Menurut Lyotard, besar kemungkinan perolehan pengetahuan tidak ditempuh lagi melalui narasi yang nampak sebagai kekuatan pendorong utama yang memadai dalam menjalankan emansipasi atas kemanusiaan (2001 : 51). Pengetahuan dan narasi besar tidak saling mensyaratkan suatu narasi yang lain dari kemungkinan munculnya kekuatan baru tanpa legitimasi apapun.

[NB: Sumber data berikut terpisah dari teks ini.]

(* Let $\mathbf{A}=(A_{i,j})_{p\times p}$ be a deterministic symmetric $\{0,1\}$-valued matrix with zero diagonal, and let $\delta=\frac{2}{p(p-1)}\sum_{i<j}A_{i,j}$, $N=p(p-1)/2$. Let $\mathbf{Y},\mathbf{Y}_*,\mathbf{Y}_{**}$ be independent and identically distributed symmetric random matrices with zero diagonal, each generated as $Y_{i,j}=A_{i,j}I(\varepsilon_{i,j}=0)+I(\varepsilon_{i,j}=1)$ for $i\neq j$, where $\varepsilon_{i,j}=\varepsilon_{j,i}$, $\mathbb{P}(\varepsilon_{i,j}=1)=\alpha$, $\mathbb{P}(\varepsilon_{i,j}=0)=1-\alpha-\beta$, $\mathbb{P}(\varepsilon_{i,j}=-1)=\beta$ for all $i<j$, and $\{\varepsilon_{i,j}\}_{i<j}$ are independent. Define \[ \hat u_1=\frac{2}{p(p-1)}\sum_{i<j}Y_{i,j},\quad \hat u_2=\frac{1}{p(p-1)}\sum_{i<j}|Y_{i,j,*}-Y_{i,j}|,\quad \hat u_3=\frac{2}{3p(p-1)}\sum_{i<j}I(Y_{i,j,**}-2Y_{i,j,*}+Y_{i,j}=1\ \text{or}\ -2), \] and $u_1=(1-\delta)\alpha+\delta(1-\beta)$, $u_2=(1-\delta)\alpha(1-\alpha)+\delta\beta(1-\beta)$, $u_3=(1-\delta)\alpha(1-\alpha)^2+\delta\beta^2(1-\beta)$. Consider $p\to\infty$ (with $\mathbf{A}$, and hence $\delta$, depending on $p$). If $N_1=p(p-1)\delta\to\infty$ and $N_2=p(p-1)(1-\delta)\to\infty$, then \[ \sqrt{N}(\hat u_1-u_1,\hat u_2-u_2,\hat u_3-u_3)^{\mathrm{T}}\to_d\mathcal{N}(\mathbf{0},\boldsymbol{\Sigma}), \] where $\boldsymbol{\Sigma}=(\sigma_{ij})_{3\times3}$ is symmetric with, writing $\kappa_1=\alpha(1-\alpha)$, $\kappa_2=\beta(1-\beta)$: $\sigma_{11}=\delta\kappa_2+(1-\delta)\kappa_1$, $\sigma_{22}=\delta\kappa_2(1/2-\kappa_2)+(1-\delta)\kappa_1(1/2-\kappa_1)$, $\sigma_{33}=\delta\beta\kappa_2(1/3-\beta\kappa_2)+(1-\delta)\kappa_1(1-\alpha)\{1/3-\kappa_1(1-\alpha)\}$, $\sigma_{12}=\delta\kappa_2(\beta-1/2)+(1-\delta)\kappa_1(1/2-\alpha)$, $\sigma_{13}=\delta\kappa_2(\beta^2/3-2\kappa_2/3)+(1-\delta)\kappa_1\{(1-\alpha)^2/3-2\kappa_1/3\}$, $\sigma_{23}=\delta\beta\kappa_2(1/3-\kappa_2)+(1-\delta)(1-\alpha)\kappa_1(1/3-\kappa_1)$.
   Context: Here $\alpha,\beta\ge0$ with $\alpha+\beta\le1$ are the error rates: $\mathbb{P}(Y_{i,j}=1\mid A_{i,j}=0)=\alpha$, $\mathbb{P}(Y_{i,j}=0\mid A_{i,j}=1)=\beta$. *)

theory Defs
  imports "HOL-Analysis.Analysis" "HOL-Probability.Probability"
begin

definition eps_pmf :: "real \<Rightarrow> real \<Rightarrow> int pmf" where
  "eps_pmf \<alpha> \<beta> = embed_pmf (\<lambda>k. if k = 1 then \<alpha> else if k = 0 then 1 - \<alpha> - \<beta>
                                    else if k = -1 then \<beta> else 0)"

text \<open>Errors (eps, eps_*, eps_**) for one pair, for the three iid copies Y, Y_*, Y_**.\<close>
definition eps3_pmf :: "real \<Rightarrow> real \<Rightarrow> (int \<times> int \<times> int) pmf" where
  "eps3_pmf \<alpha> \<beta> = pair_pmf (eps_pmf \<alpha> \<beta>) (pair_pmf (eps_pmf \<alpha> \<beta>) (eps_pmf \<alpha> \<beta>))"

definition pairs :: "nat \<Rightarrow> (nat \<times> nat) set" where
  "pairs p = {(i, j). i < j \<and> j < p}"

text \<open>Joint law of all errors: independent across pairs i<j (eps_{j,i}=eps_{i,j}).\<close>
definition err_pmf :: "real \<Rightarrow> real \<Rightarrow> nat \<Rightarrow> (nat \<times> nat \<Rightarrow> int \<times> int \<times> int) pmf" where
  "err_pmf \<alpha> \<beta> p = Pi_pmf (pairs p) (0, 0, 0) (\<lambda>_. eps3_pmf \<alpha> \<beta>)"

definition Yval :: "real \<Rightarrow> int \<Rightarrow> real" where
  "Yval a e = a * (if e = 0 then 1 else 0) + (if e = 1 then 1 else 0)"

definition dens :: "nat \<Rightarrow> (nat \<Rightarrow> nat \<Rightarrow> real) \<Rightarrow> real" where
  "dens p A = 2 / (real p * (real p - 1)) * (\<Sum>(i,j)\<in>pairs p. A i j)"

definition u1hat :: "nat \<Rightarrow> (nat \<Rightarrow> nat \<Rightarrow> real) \<Rightarrow> (nat \<times> nat \<Rightarrow> int \<times> int \<times> int) \<Rightarrow> real" where
  "u1hat p A \<omega> = 2 / (real p * (real p - 1)) *
     (\<Sum>(i,j)\<in>pairs p. Yval (A i j) (fst (\<omega> (i,j))))"

definition u2hat :: "nat \<Rightarrow> (nat \<Rightarrow> nat \<Rightarrow> real) \<Rightarrow> (nat \<times> nat \<Rightarrow> int \<times> int \<times> int) \<Rightarrow> real" where
  "u2hat p A \<omega> = 1 / (real p * (real p - 1)) *
     (\<Sum>(i,j)\<in>pairs p. \<bar>Yval (A i j) (fst (snd (\<omega> (i,j)))) - Yval (A i j) (fst (\<omega> (i,j)))\<bar>)"

definition u3hat :: "nat \<Rightarrow> (nat \<Rightarrow> nat \<Rightarrow> real) \<Rightarrow> (nat \<times> nat \<Rightarrow> int \<times> int \<times> int) \<Rightarrow> real" where
  "u3hat p A \<omega> = 2 / (3 * real p * (real p - 1)) *
     (\<Sum>(i,j)\<in>pairs p.
        (let d = Yval (A i j) (snd (snd (\<omega> (i,j)))) - 2 * Yval (A i j) (fst (snd (\<omega> (i,j))))
                 + Yval (A i j) (fst (\<omega> (i,j)))
         in if d = 1 \<or> d = -2 then 1 else 0))"

definition u1 :: "real \<Rightarrow> real \<Rightarrow> real \<Rightarrow> real" where
  "u1 \<alpha> \<beta> \<delta> = (1 - \<delta>) * \<alpha> + \<delta> * (1 - \<beta>)"
definition u2 :: "real \<Rightarrow> real \<Rightarrow> real \<Rightarrow> real" where
  "u2 \<alpha> \<beta> \<delta> = (1 - \<delta>) * \<alpha> * (1 - \<alpha>) + \<delta> * \<beta> * (1 - \<beta>)"
definition u3 :: "real \<Rightarrow> real \<Rightarrow> real \<Rightarrow> real" where
  "u3 \<alpha> \<beta> \<delta> = (1 - \<delta>) * \<alpha> * (1 - \<alpha>)^2 + \<delta> * \<beta>^2 * (1 - \<beta>)"

definition Sigma :: "real \<Rightarrow> real \<Rightarrow> real \<Rightarrow> real^3^3" where
  "Sigma \<alpha> \<beta> \<delta> = (let k1 = \<alpha> * (1 - \<alpha>); k2 = \<beta> * (1 - \<beta>);
     s11 = \<delta> * k2 + (1 - \<delta>) * k1;
     s22 = \<delta> * k2 * (1/2 - k2) + (1 - \<delta>) * k1 * (1/2 - k1);
     s33 = \<delta> * \<beta> * k2 * (1/3 - \<beta> * k2) + (1 - \<delta>) * k1 * (1 - \<alpha>) * (1/3 - k1 * (1 - \<alpha>));
     s12 = \<delta> * k2 * (\<beta> - 1/2) + (1 - \<delta>) * k1 * (1/2 - \<alpha>);
     s13 = \<delta> * k2 * (\<beta>^2/3 - 2 * k2/3) + (1 - \<delta>) * k1 * ((1 - \<alpha>)^2/3 - 2 * k1/3);
     s23 = \<delta> * \<beta> * k2 * (1/3 - k2) + (1 - \<delta>) * (1 - \<alpha>) * k1 * (1/3 - k1)
   in vector [vector [s11, s12, s13], vector [s12, s22, s23], vector [s13, s23, s33]])"

text \<open>mu is the multivariate normal law N(0, S) on R^3 (possibly degenerate),
  defined via its characteristic function.\<close>
definition is_mvnormal0 :: "real^3^3 \<Rightarrow> (real^3) measure \<Rightarrow> bool" where
  "is_mvnormal0 S \<mu> \<longleftrightarrow> prob_space \<mu> \<and> sets \<mu> = sets borel \<and>
     (\<forall>t. (CLINT x|\<mu>. cis (t \<bullet> x)) = complex_of_real (exp (- (t \<bullet> (S *v t)) / 2)))"

end

theory Submission
  imports Defs
begin

(* Up to the factor N^(-1/2), N = p (p - 1) / 2, the statistic is a sum over the
   pairs i < j of independent centred vectors with coordinates in [-1, 1]; the pair (i, j)
   has covariance Sigma at delta = A_ij, which is 0 or 1.  Since Sigma and the means u_k are
   affine in delta, these covariances and means average to Sigma and u at the density delta.
   A third-order Taylor bound for each factor of the characteristic function gives
     |phi_p(t) - exp (- t . Sigma t / 2)| <= |t|_1^3 / (6 sqrt N) + |t|_1^4 / (8 N),
   hence convergence of characteristic functions; the same bound near t = 0 gives tightness
   of both sequences of laws.  Approximating a bounded continuous function uniformly on a large
   cube by a trigonometric polynomial (Stone-Weierstrass) then yields convergence of the
   expectations. *)

section \<open>Characteristic functions and trigonometric polynomials\<close>

definition char_vec :: "(real^'n) measure \<Rightarrow> real^'n \<Rightarrow> complex" where
  "char_vec M t = (CLINT x|M. cis (t \<bullet> x))"

inductive trig_poly :: "(real^'n \<Rightarrow> real) \<Rightarrow> bool" where
  monomial: "trig_poly (\<lambda>x. Re (c * cis (t \<bullet> x)))"
| add: "trig_poly f \<Longrightarrow> trig_poly g \<Longrightarrow> trig_poly (\<lambda>x. f x + g x)"

lemma trig_poly_const: "trig_poly (\<lambda>x. c)"
  using trig_poly.monomial[of "complex_of_real c" 0] by simp

lemma trig_poly_sum:
  "finite I \<Longrightarrow> (\<And>i. i \<in> I \<Longrightarrow> trig_poly (f i)) \<Longrightarrow> trig_poly (\<lambda>x. \<Sum>i\<in>I. f i x)"
  by (induction I rule: finite_induct) (auto intro: trig_poly_const trig_poly.add)

lemma trig_poly_sin: "trig_poly (\<lambda>x. sin (t \<bullet> x))"
  using trig_poly.monomial[of "- \<i>" t] by simp

lemma Re_mult_Re: "Re a * Re b = Re (a * b / 2) + Re (a * cnj b / 2)"
  by (cases a; cases b) (simp add: field_simps)

lemma trig_monomial_mult:
  "Re (c * cis (t \<bullet> x)) * Re (d * cis (s \<bullet> x)) =
     Re ((c * d / 2) * cis ((t + s) \<bullet> x)) + Re ((c * cnj d / 2) * cis ((t - s) \<bullet> x))"
proof -
  have "c * cis (t \<bullet> x) * (d * cis (s \<bullet> x)) / 2 = (c * d / 2) * cis ((t + s) \<bullet> x)"
    by (simp add: cis_mult[symmetric] algebra_simps)
  moreover have "c * cis (t \<bullet> x) * cnj (d * cis (s \<bullet> x)) / 2 = (c * cnj d / 2) * cis ((t - s) \<bullet> x)"
  proof -
    have "cis (t \<bullet> x) * cis (- (s \<bullet> x)) = cis ((t - s) \<bullet> x)"
      by (simp add: cis_mult inner_diff_left)
    then show ?thesis by (simp add: cis_cnj algebra_simps)
  qed
  ultimately show ?thesis by (simp only: Re_mult_Re)
qed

Mengarah ke fungsi penyampaian lain, yakni arah pertanyaan mengenai narasi masyarakat posmodern yang tidak bergantung pada kebenaran ilmiah yang memusat dan ketat yang juga sama sekali tidak memiliki keterkaitan apa-apa dengan narasi mengenai emansipasi kemanusiaan yang lebih mementingkan prinsip keterbukaan dan keragaman pemikiran atas peristiwa dan obyek pengetahuan lainnya.

Mengenai tantangan narasi-narasi lain bisa dimengerti tidak mudah dipecahkan jawabannya, karena kita memerlukan lebih banyak lagi pemikiran diskursif ditengah kemajuan teknologi dan kemakmuran kapitalis yang menyakitkan, akhirnya berdampak pada status pengetahuan dan relasinya dengan kuasa.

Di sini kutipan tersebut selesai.